From a review of a novel:—
"Joan is pretty, and Stewart Austen ... asks her to marry him. Joan refuses indignantly on the ground that his views and conduct are opposed to those which as a member of a Suffrage Society she is pledged to eradicate."—The Saturday Westminster.
Why the lady should resent her lover's endorsement of her own opinions is just one of those things that no fellah (unless he is a reviewer) can understand.
"Besides being Paul Von Hindenburg's second self, Ludendorff is the transportation expert of the Central Powers. He was ordered to go to the industrial cities along the Rhine and the Rhone rivers."—Evening Paper.
It is a pity that the second part of this enterprise had for geographical reasons to be abandoned, for we understand that Lyons would have given him a particularly warm reception.

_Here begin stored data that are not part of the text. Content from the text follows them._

lemma scale_increment_le_shifted: "scale_increment i \<le> ((real i + (1 - s) / 2) / ((1 - s) / 2)) powr s"
proof (induction i)
  case 0
  then show ?case using s_less_1 by simp
next
  case (Suc i)
  let ?a = "(1 - s) / 2"
  let ?b = "real i + ?a"
  have b_pos: "?b > 0"
    using s_less_1 by (simp add: add_nonneg_pos)
  have "2 * ?b + 1 = 2 * real (Suc i) - s" "2 * ?b + 1 + 2 * s = 2 * real (Suc i) + s"
    by (simp_all add: field_simps)
  with increment_ratio_le[OF b_pos]
  have ratio: "(2 * real (Suc i) + s) / (2 * real (Suc i) - s) \<le> ((?b + 1) / ?b) powr s"
    by (simp only:)
  have "scale_increment (Suc i) \<le> (?b / ?a) powr s * ((?b + 1) / ?b) powr s"
    unfolding scale_increment_Suc using s_pos s_less_1 scale_increment_pos[of i]
    by (intro mult_mono[OF Suc ratio]) auto
  also have "\<dots> = (?b / ?a * ((?b + 1) / ?b)) powr s"
    by (rule powr_mult[symmetric])
  also have "?b / ?a * ((?b + 1) / ?b) = (?b + 1) / ?a"
    using b_pos times_divide_times_eq[of ?b ?a "?b + 1" ?b] by simp
  also have "?b + 1 = real (Suc i) + ?a"
    by simp
  finally show ?case .
qed

definition scale_upper_const :: real where
  "scale_upper_const = 2 / (1 - s)"

lemma scale_upper_const_ge_1: "1 \<le> scale_upper_const"
  using s_pos s_less_1 by (simp add: scale_upper_const_def field_simps)

lemma scale_increment_le: "scale_increment i \<le> scale_upper_const * (real i + 1) powr s"
proof -
  let ?a = "(1 - s) / 2"
  have a: "?a > 0" "?a \<le> 1"
    using s_pos s_less_1 by auto
  have "scale_increment i \<le> ((real i + ?a) / ?a) powr s"
    by (rule scale_increment_le_shifted)
  also have "\<dots> \<le> ((real i + 1) * (1 / ?a)) powr s"
    using a s_pos by (intro powr_mono2) (auto simp: divide_right_mono)
  also have "\<dots> = (real i + 1) powr s * (1 / ?a) powr s"
    by (rule powr_mult)
  also have "(1 / ?a) powr s \<le> (1 / ?a) powr 1"
    using a s_less_1 by (intro powr_mono) (auto simp: field_simps)
  finally show ?thesis
    using a by (simp add: scale_upper_const_def mult.commute mult_left_mono)
qed

lemma scale_increment_ge: "(real i + 1) powr s \<le> scale_increment i"
proof (induction i)
  case (Suc i)
  let ?j = "real i + 1"
  have j_pos: "?j > 0"
    by simp
  \<comment> \<open>Young's inequality bounds the concave power ((j + 1) / j) powr s by its tangent line.\<close>
  have "((?j + 1) / ?j) powr s * 1 powr (1 - s) \<le> s * ((?j + 1) / ?j) + (1 - s) * 1"
    using s_pos s_less_1 j_pos by (intro Youngs_inequality_0) auto
  also have "\<dots> = 1 + s / ?j"
    using j_pos by (simp add: field_simps)
  also have "\<dots> \<le> (2 * real (Suc i) + s) / (2 * real (Suc i) - s)"
    using s_pos s_less_1 by (simp add: field_simps)
  finally have ratio: "((?j + 1) / ?j) powr s \<le> (2 * real (Suc i) + s) / (2 * real (Suc i) - s)"
    by simp
  have "(real (Suc i) + 1) powr s = ?j powr s * ((?j + 1) / ?j) powr s"
    using j_pos by (simp add: powr_divide add.commute)
  also have "\<dots> \<le> scale_increment (Suc i)"
    unfolding scale_increment_Suc using scale_increment_pos[of i]
    by (intro mult_mono[OF Suc ratio]) auto
  finally show ?case .
qed simp

lemma scale_le: "scale r \<le> scale_upper_const * real r powr (1 + s)"
proof -
  have "scale r \<le> (\<Sum>i<r. scale_upper_const * real r powr s)"
    unfolding scale_def
  proof (rule sum_mono)
    fix i
    assume "i \<in> {..<r}"
    then have "(real i + 1) powr s \<le> real r powr s"
      using s_pos by (intro powr_mono2) auto
    then show "scale_increment i \<le> scale_upper_const * real r powr s"
      using scale_increment_le[of i] scale_upper_const_ge_1 by (smt (verit) mult_left_mono)
  qed
  also have "\<dots> = scale_upper_const * real r powr (1 + s)"
    by (cases "r = 0") (auto simp: powr_add)
  finally show ?thesis .
qed

lemma scale_ge:
  assumes A: "A > 0" "real r \<le> A"
  shows "A powr (s - 1) * (real r)\<^sup>2 / 2 \<le> scale r"
proof -
  have "(\<Sum>i<r. A powr (s - 1) * (real i + 1)) \<le> scale r"
    unfolding scale_def
  proof (rule sum_mono)
    fix i
    assume "i \<in> {..<r}"
    then have "A powr (s - 1) \<le> (real i + 1) powr (s - 1)"
      using A s_less_1 by (intro powr_mono2') auto
    then have "A powr (s - 1) * (real i + 1) \<le> (real i + 1) powr (s - 1) * (real i + 1)"
      by (intro mult_right_mono) auto
    also have "\<dots> = (real i + 1) powr s"
      using powr_add[of "real i + 1" "s - 1" 1] by simp
    finally show "A powr (s - 1) * (real i + 1) \<le> scale_increment i"
      using scale_increment_ge[of i] by linarith
  qed
  moreover have "(\<Sum>i<r. real i + 1) = real r * (real r + 1) / 2"
    by (induction r) (auto simp: field_simps)
  then have "(\<Sum>i<r. A powr (s - 1) * (real i + 1)) = A powr (s - 1) * (real r * (real r + 1) / 2)"
    by (simp add: sum_distrib_left[symmetric])
  moreover have "A powr (s - 1) * ((real r)\<^sup>2 / 2) \<le> A powr (s - 1) * (real r * (real r + 1) / 2)"
    by (intro mult_left_mono) (auto simp: power2_eq_square field_simps)
  ultimately show ?thesis
    by simp
qed

lemma height_visits_0_nonneg: "0 \<le> height_visits_0 k"
  unfolding height_visits_0_def by (intro sum_nonneg height_kernel_nonneg)

lemma height_visits_0_diff:
  "k \<le> k' \<Longrightarrow> height_visits_0 k' - height_visits_0 k = (\<Sum>j\<in>{k..<k'}. height_kernel s j 0)"
  unfolding height_visits_0_def lessThan_atLeast0
  by (simp add: sum.atLeastLessThan_concat[symmetric, of 0 k k'])

lemma powr_split_le:
  assumes A: "A > 0"
  shows "\<bar>x\<bar> powr (1 + s) \<le> A powr (1 + s) + A powr (s - 1) * x\<^sup>2"
proof (cases "\<bar>x\<bar> \<le> A")
  case True
  then have "\<bar>x\<bar> powr (1 + s) \<le> A powr (1 + s)"
    using s_pos by (intro powr_mono2) auto
  then show ?thesis
    by (simp add: add_increasing2)
next
  case False
  have "\<bar>x\<bar> powr (1 + s) = \<bar>x\<bar> powr ((s - 1) + 2)"
    by simp
  also have "\<dots> = \<bar>x\<bar> powr (s - 1) * \<bar>x\<bar> powr 2"
    by (rule powr_add)
  also have "\<dots> = \<bar>x\<bar> powr (s - 1) * x\<^sup>2"
    using False A by simp
  also have "\<dots> \<le> A powr (s - 1) * x\<^sup>2"
    using False A s_less_1 by (intro mult_right_mono powr_mono2') auto
  finally show ?thesis
    by (simp add: add_increasing)
qed

lemma height_visits_0_le:
  "height_visits_0 k \<le> 2 * scale_upper_const * real k powr ((1 + s) / 2)"
proof (cases "k = 0")
  case True
  then show ?thesis by (simp add: height_visits_0_def)
next
  case False
  then have k_pos: "real k > 0"
    by simp
  define A where "A = sqrt (real k)"
  have A_pos: "A > 0"
    using k_pos by (simp add: A_def)
  let ?B = scale_upper_const
  \<comment> \<open>Split the growth of the scale function at |d| = sqrt k, the typical height after k steps.\<close>
  have pointwise: "scale (nat \<bar>d\<bar>) \<le> ?B * A powr (1 + s) + (?B * A powr (s - 1)) * (real_of_int d)\<^sup>2" for d
  proof -
    have "scale (nat \<bar>d\<bar>) \<le> ?B * \<bar>real_of_int d\<bar> powr (1 + s)"
      using scale_le[of "nat \<bar>d\<bar>"] by simp
    also have "\<dots> \<le> ?B * (A powr (1 + s) + A powr (s - 1) * (real_of_int d)\<^sup>2)"
      using scale_upper_const_ge_1 by (intro mult_left_mono powr_split_le A_pos) auto
    finally show ?thesis
      by (simp add: algebra_simps)
  qed
  have "height_visits_0 k \<le> height_expect s k (\<lambda>d. ?B * A powr (1 + s) + (?B * A powr (s - 1)) * (real_of_int d)\<^sup>2)"
    unfolding height_visits_0_eq_expect_scale by (rule height_expect_mono) (rule pointwise)
  also have "\<dots> = ?B * A powr (1 + s) + ?B * A powr (s - 1) * height_expect s k (\<lambda>d. (real_of_int d)\<^sup>2)"
    by (simp only: height_expect_add height_expect_cmult height_expect_const)
  also have "\<dots> \<le> ?B * A powr (1 + s) + ?B * (A powr (s - 1) * real k)"
    using height_second_moment_bounds(2)[of k] scale_upper_const_ge_1
    by (simp add: mult.assoc mult_left_mono)
  also have "A powr (1 + s) = real k powr ((1 + s) / 2)"
    unfolding A_def using k_pos by (simp add: powr_half_sqrt[symmetric] powr_powr)
  also have "A powr (s - 1) * real k = real k powr ((s - 1) / 2 + 1)"
    unfolding A_def using k_pos by (simp add: powr_half_sqrt[symmetric] powr_powr powr_add)
  finally show ?thesis
    by (simp add: add_divide_distrib diff_divide_distrib)
qed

"The Canadian Club gave a luncheon to-day in honour of the Canadian Highlanders, who have been a picturesque feature of the British recruiting week in New York....
"An exciting incident occurred during the luncheon, when two German waiters were ejected from the room. The Highlanders now go to Chicago to make a similar demonstration."—Morning Paper.
As nothing more has been heard of the matter, it is supposed that the Germans in Chicago prudently refused to wait for them.